Input material Block Start
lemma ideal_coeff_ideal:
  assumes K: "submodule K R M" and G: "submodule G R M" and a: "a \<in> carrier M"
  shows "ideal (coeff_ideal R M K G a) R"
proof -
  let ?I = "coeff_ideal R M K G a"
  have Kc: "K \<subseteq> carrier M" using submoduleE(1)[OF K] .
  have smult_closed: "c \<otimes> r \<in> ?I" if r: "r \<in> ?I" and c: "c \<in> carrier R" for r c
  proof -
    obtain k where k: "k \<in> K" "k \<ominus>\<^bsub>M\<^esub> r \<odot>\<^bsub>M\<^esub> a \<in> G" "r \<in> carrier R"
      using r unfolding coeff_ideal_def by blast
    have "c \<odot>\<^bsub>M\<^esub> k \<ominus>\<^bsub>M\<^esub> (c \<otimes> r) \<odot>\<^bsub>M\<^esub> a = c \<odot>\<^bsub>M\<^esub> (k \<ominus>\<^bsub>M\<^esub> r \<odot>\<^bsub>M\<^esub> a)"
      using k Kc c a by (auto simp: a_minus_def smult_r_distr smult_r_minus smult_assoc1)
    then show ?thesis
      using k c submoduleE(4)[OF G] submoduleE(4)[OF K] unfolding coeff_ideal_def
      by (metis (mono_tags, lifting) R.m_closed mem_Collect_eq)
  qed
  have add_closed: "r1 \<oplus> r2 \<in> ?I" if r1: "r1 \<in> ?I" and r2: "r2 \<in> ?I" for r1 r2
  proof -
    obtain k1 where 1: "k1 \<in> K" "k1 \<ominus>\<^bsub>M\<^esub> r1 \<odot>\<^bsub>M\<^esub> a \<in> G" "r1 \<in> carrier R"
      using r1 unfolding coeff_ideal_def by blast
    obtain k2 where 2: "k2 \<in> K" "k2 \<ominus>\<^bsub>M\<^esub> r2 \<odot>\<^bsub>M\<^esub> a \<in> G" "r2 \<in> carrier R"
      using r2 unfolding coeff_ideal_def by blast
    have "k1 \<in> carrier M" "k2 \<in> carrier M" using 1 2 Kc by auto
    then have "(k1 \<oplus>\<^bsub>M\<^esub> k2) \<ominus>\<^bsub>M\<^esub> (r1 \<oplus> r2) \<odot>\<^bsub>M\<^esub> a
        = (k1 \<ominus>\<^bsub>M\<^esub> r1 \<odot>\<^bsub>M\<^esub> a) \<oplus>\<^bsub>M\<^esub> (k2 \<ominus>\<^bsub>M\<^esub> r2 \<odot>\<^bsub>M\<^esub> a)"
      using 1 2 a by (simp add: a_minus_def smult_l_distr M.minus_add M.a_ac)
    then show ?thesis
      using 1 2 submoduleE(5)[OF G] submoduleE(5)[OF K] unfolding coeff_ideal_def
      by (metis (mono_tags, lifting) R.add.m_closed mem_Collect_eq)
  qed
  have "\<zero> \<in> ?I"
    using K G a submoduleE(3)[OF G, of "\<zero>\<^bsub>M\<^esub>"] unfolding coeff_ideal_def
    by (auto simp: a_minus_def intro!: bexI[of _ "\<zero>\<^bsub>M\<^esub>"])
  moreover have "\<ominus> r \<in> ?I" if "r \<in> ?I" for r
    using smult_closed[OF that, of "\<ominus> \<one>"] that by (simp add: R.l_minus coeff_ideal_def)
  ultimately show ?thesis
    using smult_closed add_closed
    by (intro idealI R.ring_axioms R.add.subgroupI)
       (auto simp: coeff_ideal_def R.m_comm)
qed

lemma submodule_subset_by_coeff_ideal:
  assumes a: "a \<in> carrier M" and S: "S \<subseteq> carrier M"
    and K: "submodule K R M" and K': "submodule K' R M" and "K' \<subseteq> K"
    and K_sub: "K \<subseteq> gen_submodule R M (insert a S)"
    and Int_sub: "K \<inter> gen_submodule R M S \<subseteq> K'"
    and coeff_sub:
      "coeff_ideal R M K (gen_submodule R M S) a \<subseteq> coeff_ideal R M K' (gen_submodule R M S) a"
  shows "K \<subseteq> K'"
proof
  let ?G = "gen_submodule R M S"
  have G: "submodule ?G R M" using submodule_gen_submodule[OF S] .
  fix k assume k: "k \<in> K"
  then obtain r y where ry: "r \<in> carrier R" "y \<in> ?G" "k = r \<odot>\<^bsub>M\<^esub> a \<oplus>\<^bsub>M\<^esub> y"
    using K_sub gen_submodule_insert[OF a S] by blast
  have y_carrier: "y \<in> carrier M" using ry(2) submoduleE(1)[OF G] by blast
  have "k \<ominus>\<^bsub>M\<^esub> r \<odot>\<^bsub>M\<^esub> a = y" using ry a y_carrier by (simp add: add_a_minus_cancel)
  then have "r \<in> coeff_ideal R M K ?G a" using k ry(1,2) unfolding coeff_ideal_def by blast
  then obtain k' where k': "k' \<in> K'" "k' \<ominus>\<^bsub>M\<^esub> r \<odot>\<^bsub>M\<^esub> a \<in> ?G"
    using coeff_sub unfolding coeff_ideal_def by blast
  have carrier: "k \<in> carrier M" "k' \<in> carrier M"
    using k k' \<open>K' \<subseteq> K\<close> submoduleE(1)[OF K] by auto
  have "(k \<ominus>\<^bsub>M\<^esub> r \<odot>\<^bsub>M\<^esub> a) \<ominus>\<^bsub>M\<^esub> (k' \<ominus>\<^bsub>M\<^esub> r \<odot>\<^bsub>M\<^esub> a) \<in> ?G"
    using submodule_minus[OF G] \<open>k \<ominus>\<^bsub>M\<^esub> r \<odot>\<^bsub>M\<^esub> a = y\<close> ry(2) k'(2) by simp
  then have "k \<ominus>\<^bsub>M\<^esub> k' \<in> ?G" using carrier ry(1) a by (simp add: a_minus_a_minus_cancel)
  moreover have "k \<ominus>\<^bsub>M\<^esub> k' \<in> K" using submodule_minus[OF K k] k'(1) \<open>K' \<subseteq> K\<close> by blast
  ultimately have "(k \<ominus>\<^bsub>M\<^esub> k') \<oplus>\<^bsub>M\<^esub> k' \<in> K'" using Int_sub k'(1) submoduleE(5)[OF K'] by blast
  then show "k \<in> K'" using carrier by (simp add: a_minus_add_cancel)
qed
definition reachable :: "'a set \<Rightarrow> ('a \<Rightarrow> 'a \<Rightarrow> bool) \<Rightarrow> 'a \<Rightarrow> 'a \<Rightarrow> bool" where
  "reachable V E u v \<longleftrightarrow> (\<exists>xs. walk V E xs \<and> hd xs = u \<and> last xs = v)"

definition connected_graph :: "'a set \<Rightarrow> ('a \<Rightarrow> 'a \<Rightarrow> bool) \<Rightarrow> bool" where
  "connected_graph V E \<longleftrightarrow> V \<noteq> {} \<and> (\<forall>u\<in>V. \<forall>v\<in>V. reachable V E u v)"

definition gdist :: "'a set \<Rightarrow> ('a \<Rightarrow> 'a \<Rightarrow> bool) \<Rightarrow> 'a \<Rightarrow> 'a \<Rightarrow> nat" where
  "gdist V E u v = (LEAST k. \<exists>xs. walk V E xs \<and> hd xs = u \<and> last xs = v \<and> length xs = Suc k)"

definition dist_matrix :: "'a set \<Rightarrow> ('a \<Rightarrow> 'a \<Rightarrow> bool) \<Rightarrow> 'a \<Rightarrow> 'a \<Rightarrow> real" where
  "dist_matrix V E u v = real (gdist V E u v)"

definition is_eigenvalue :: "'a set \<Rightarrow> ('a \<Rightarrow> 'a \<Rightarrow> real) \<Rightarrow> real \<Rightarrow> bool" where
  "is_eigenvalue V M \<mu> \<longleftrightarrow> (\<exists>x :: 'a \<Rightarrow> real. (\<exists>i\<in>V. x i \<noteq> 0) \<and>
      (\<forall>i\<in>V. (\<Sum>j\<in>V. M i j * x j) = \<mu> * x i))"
Input material Block End
**Problem to solve**
Go through the data and gather every line that holds "reachable".

**Output**
definition reachable :: "'a set \<Rightarrow> ('a \<Rightarrow> 'a \<Rightarrow> bool) \<Rightarrow> 'a \<Rightarrow> 'a \<Rightarrow> bool" where
  "reachable V E u v \<longleftrightarrow> (\<exists>xs. walk V E xs \<and> hd xs = u \<and> last xs = v)"
  "connected_graph V E \<longleftrightarrow> V \<noteq> {} \<and> (\<forall>u\<in>V. \<forall>v\<in>V. reachable V E u v)"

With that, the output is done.